START Data under study

(* Let $\sigma=\langle\mathcal V,\mathcal C,S,B\rangle$ be an approval-based multi-winner election, let $\mathcal A\subseteq\mathcal C$ be non-empty, and let $F\in\mathfrak F^{\mathrm{opt}}_{\sigma,\mathcal A}$. If $c^*\in\mathcal A$ satisfies $\mathrm{Supp}_F(c^* )>\mathrm{maxMin}(\sigma,\mathcal A)$, then $$\mathrm{maxMin}(\sigma,\mathcal A)=\mathrm{maxMin}(\sigma,\mathcal A\setminus\{c^*\}).$$
   Context: An approval-based multi-winner election is a tuple $\sigma=\langle \mathcal V,\mathcal C,S,B\rangle$, where $\mathcal V$ is a finite set of agents, $\mathcal C$ is a finite set of candidates, $1\le S\le|\mathcal C|$ is an integer, and $B:2^{\mathcal C}\to\mathbb N$ gives, for each $\mathcal A\subseteq\mathcal C$, the number $B(\mathcal A)$ of agents whose ballot is exactly $\mathcal A$ (with $\sum_{\mathcal A}B(\mathcal A)\le|\mathcal V|$). For a non-empty $\mathcal A\subseteq\mathcal C$, the family $\mathfrak F_{\sigma,\mathcal A}$ is the set of all $F:2^{\mathcal C}\times\mathcal A\to\mathbb R$ such that: - $F(y,c)\ge0$ for all $y$ and $c$; - $F(y,c)=0$ if $c\notin y$; - $\sum_{c\in\mathcal A\cap y}F(y,c)=B(y)$ whenever $y\cap\mathcal A\neq\emptyset$. We write $\mathrm{Supp}_F(c)=\sum_yF(y,c)$ and $\mathrm{maxMin}(\sigma,\mathcal A)=\sup_{F\in\mathfrak F_{\sigma,\mathcal A}}\min_{c\in\mathcal A}\mathrm{Supp}_F(c)$. We also write $\mathfrak F^{\mathrm{opt}}_{\sigma,\mathcal A}=\{F\in\mathfrak F_{\sigma,\mathcal A}:\mathrm{Supp}_F(c)\ge\mathrm{maxMin}(\sigma,\mathcal A)\ \forall c\in\mathcal A\}$. *)

theory Defs
  imports Complex_Main
begin

text \<open>An approval-based multi-winner election: agents V, candidates C, committee size S,
  ballot counts B (B y = number of agents whose ballot is exactly y, for y a subset of C).\<close>
definition election :: "'v set \<Rightarrow> 'c set \<Rightarrow> nat \<Rightarrow> ('c set \<Rightarrow> nat) \<Rightarrow> bool" where
  "election V C S B \<longleftrightarrow> finite V \<and> finite C \<and> 1 \<le> S \<and> S \<le> card C
     \<and> (\<forall>y. \<not> y \<subseteq> C \<longrightarrow> B y = 0)
     \<and> (\<Sum>y\<in>Pow C. B y) \<le> card V"

text \<open>The family of support distributions F : 2^C x A -> R (values outside that domain irrelevant).\<close>
definition supp_family :: "'c set \<Rightarrow> ('c set \<Rightarrow> nat) \<Rightarrow> 'c set \<Rightarrow> ('c set \<Rightarrow> 'c \<Rightarrow> real) set" where
  "supp_family C B A = {F. (\<forall>y\<in>Pow C. \<forall>c\<in>A. F y c \<ge> 0)
      \<and> (\<forall>y\<in>Pow C. \<forall>c\<in>A. c \<notin> y \<longrightarrow> F y c = 0)
      \<and> (\<forall>y\<in>Pow C. y \<inter> A \<noteq> {} \<longrightarrow> (\<Sum>c\<in>A \<inter> y. F y c) = real (B y))}"

definition Supp :: "'c set \<Rightarrow> ('c set \<Rightarrow> 'c \<Rightarrow> real) \<Rightarrow> 'c \<Rightarrow> real" where
  "Supp C F c = (\<Sum>y\<in>Pow C. F y c)"

definition maxMin :: "'c set \<Rightarrow> ('c set \<Rightarrow> nat) \<Rightarrow> 'c set \<Rightarrow> real" where
  "maxMin C B A = (SUP F\<in>supp_family C B A. Min ((\<lambda>c. Supp C F c) ` A))"

definition opt_family :: "'c set \<Rightarrow> ('c set \<Rightarrow> nat) \<Rightarrow> 'c set \<Rightarrow> ('c set \<Rightarrow> 'c \<Rightarrow> real) set" where
  "opt_family C B A = {F \<in> supp_family C B A. \<forall>c\<in>A. Supp C F c \<ge> maxMin C B A}"

end

theory Submission
  imports Defs
begin

text \<open>Deleting \<open>c\<^sup>*\<close> never lowers the max-min value: its share of each ballot can
  be spread over the remaining approved candidates of that ballot. Conversely, if some
  distribution on \<open>\<A> - {c\<^sup>*}\<close> beat \<open>maxMin(\<sigma>, \<A>)\<close> on every candidate, extend it to \<open>\<A>\<close> and
  mix a small amount of it into the optimal \<open>F\<close>: the other candidates strictly gain, while
  \<open>c\<^sup>*\<close>, which starts strictly above \<open>maxMin(\<sigma>, \<A>)\<close>, stays above it for a small enough
  weight. The resulting distribution would beat \<open>maxMin(\<sigma>, \<A>)\<close>, a contradiction.\<close>

lemma mem_supp_family_iff:
  "F \<in> supp_family C B A \<longleftrightarrow> (\<forall>y\<in>Pow C. \<forall>c\<in>A. F y c \<ge> 0)
      \<and> (\<forall>y\<in>Pow C. \<forall>c\<in>A. c \<notin> y \<longrightarrow> F y c = 0)
      \<and> (\<forall>y\<in>Pow C. y \<inter> A \<noteq> {} \<longrightarrow> (\<Sum>c\<in>A \<inter> y. F y c) = real (B y))"
  unfolding supp_family_def by simp

lemma supp_family_nonempty:
  assumes "finite A"
  shows "supp_family C B A \<noteq> {}"
proof -
  define F where "F = (\<lambda>y c. if c \<in> y then real (B y) / real (card (A \<inter> y)) else 0)"
  have "F \<in> supp_family C B A"
    unfolding mem_supp_family_iff
  proof (intro conjI ballI impI)
    fix y assume "y \<inter> A \<noteq> {}"
    then have "card (A \<inter> y) \<noteq> 0" using assms by auto
    then show "(\<Sum>c\<in>A \<inter> y. F y c) = real (B y)" by (simp add: F_def)
  qed (auto simp: F_def)
  then show ?thesis by blast
qed

lemma Supp_le_sum_ballots:
  assumes "F \<in> supp_family C B A" "c \<in> A" "finite A"
  shows "Supp C F c \<le> (\<Sum>y\<in>Pow C. real (B y))"
  unfolding Supp_def
proof (rule sum_mono)
  fix y assume y: "y \<in> Pow C"
  show "F y c \<le> real (B y)"
  proof (cases "c \<in> y")
    case True
    have "F y c \<le> (\<Sum>c\<in>A \<inter> y. F y c)"
      by (rule member_le_sum) (use assms y True in \<open>auto simp: mem_supp_family_iff\<close>)
    also have "\<dots> = real (B y)" using assms y True by (auto simp: mem_supp_family_iff)
    finally show ?thesis .
  qed (use assms y in \<open>auto simp: mem_supp_family_iff\<close>)
qed

lemma bdd_above_Min_Supp:
  assumes "finite A" "A \<noteq> {}"
  shows "bdd_above ((\<lambda>F. Min ((\<lambda>c. Supp C F c) ` A)) ` supp_family C B A)"
proof (rule bdd_aboveI2)
  fix F assume F: "F \<in> supp_family C B A"
  obtain c where c: "c \<in> A" using assms by blast
  have "Min ((\<lambda>c. Supp C F c) ` A) \<le> Supp C F c" using assms c by (intro Min_le) auto
  also have "\<dots> \<le> (\<Sum>y\<in>Pow C. real (B y))" by (rule Supp_le_sum_ballots[OF F c assms(1)])
  finally show "Min ((\<lambda>c. Supp C F c) ` A) \<le> (\<Sum>y\<in>Pow C. real (B y))" .
qed

lemma Min_Supp_le_maxMin:
  assumes "F \<in> supp_family C B A" "finite A" "A \<noteq> {}"
  shows "Min ((\<lambda>c. Supp C F c) ` A) \<le> maxMin C B A"
  unfolding maxMin_def by (rule cSUP_upper[OF assms(1) bdd_above_Min_Supp[OF assms(2,3)]])

lemma maxMin_le:
  assumes "finite A" "\<And>F. F \<in> supp_family C B A \<Longrightarrow> Min ((\<lambda>c. Supp C F c) ` A) \<le> t"
  shows "maxMin C B A \<le> t"
  unfolding maxMin_def by (rule cSUP_least[OF supp_family_nonempty[OF assms(1)] assms(2)])

lemma sum_insert_inter_supp_family:
  assumes "G \<in> supp_family C B (insert a A)" "a \<notin> A" "finite A" "y \<in> Pow C"
  shows "(\<Sum>c\<in>insert a A \<inter> y. G y c) = (\<Sum>c\<in>A \<inter> y. G y c) + G y a"
proof (cases "a \<in> y")
  case True
  then have "insert a A \<inter> y = insert a (A \<inter> y)" by blast
  then show ?thesis using assms by simp
next
  case False
  then have "G y a = 0" using assms by (auto simp: mem_supp_family_iff)
  moreover have "insert a A \<inter> y = A \<inter> y" using False by blast
  ultimately show ?thesis by simp
qed

lemma supp_family_redistribute:
  assumes G: "G \<in> supp_family C B (insert a A)" and "a \<notin> A" "finite A"
  shows "\<exists>G'\<in>supp_family C B A. \<forall>c\<in>A. Supp C G c \<le> Supp C G' c"
proof -
  define G' where
    "G' = (\<lambda>y c. G y c + (if c \<in> y then G y a / real (card (A \<inter> y)) else 0))"
  have share_nonneg: "G y a \<ge> 0" if "y \<in> Pow C" for y
    using G that by (auto simp: mem_supp_family_iff)
  have "G' \<in> supp_family C B A"
    unfolding mem_supp_family_iff
  proof (intro conjI ballI impI)
    fix y c assume "y \<in> Pow C" "c \<in> A"
    then show "0 \<le> G' y c" using G share_nonneg by (auto simp: mem_supp_family_iff G'_def)
    show "c \<notin> y \<Longrightarrow> G' y c = 0"
      using G \<open>y \<in> Pow C\<close> \<open>c \<in> A\<close> by (auto simp: mem_supp_family_iff G'_def)
  next
    fix y assume y: "y \<in> Pow C" and ne: "y \<inter> A \<noteq> {}"
    have "card (A \<inter> y) \<noteq> 0" using assms ne by auto
    then have "(\<Sum>c\<in>A \<inter> y. G' y c) = (\<Sum>c\<in>A \<inter> y. G y c) + G y a"
      by (simp add: G'_def sum.distrib)
    also have "\<dots> = (\<Sum>c\<in>insert a A \<inter> y. G y c)"
      using sum_insert_inter_supp_family[OF assms y] by simp
    also have "\<dots> = real (B y)" using G y ne by (auto simp: mem_supp_family_iff)
    finally show "(\<Sum>c\<in>A \<inter> y. G' y c) = real (B y)" .
  qed
  moreover have "Supp C G c \<le> Supp C G' c" for c
    unfolding Supp_def G'_def using share_nonneg by (intro sum_mono) auto
  ultimately show ?thesis by blast
qed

END Data under study

### [Work instruction]
Pull out each line of the listing that holds the string "False".

### [Exercise response]
  case False
  moreover have "insert a A \<inter> y = A \<inter> y" using False by blast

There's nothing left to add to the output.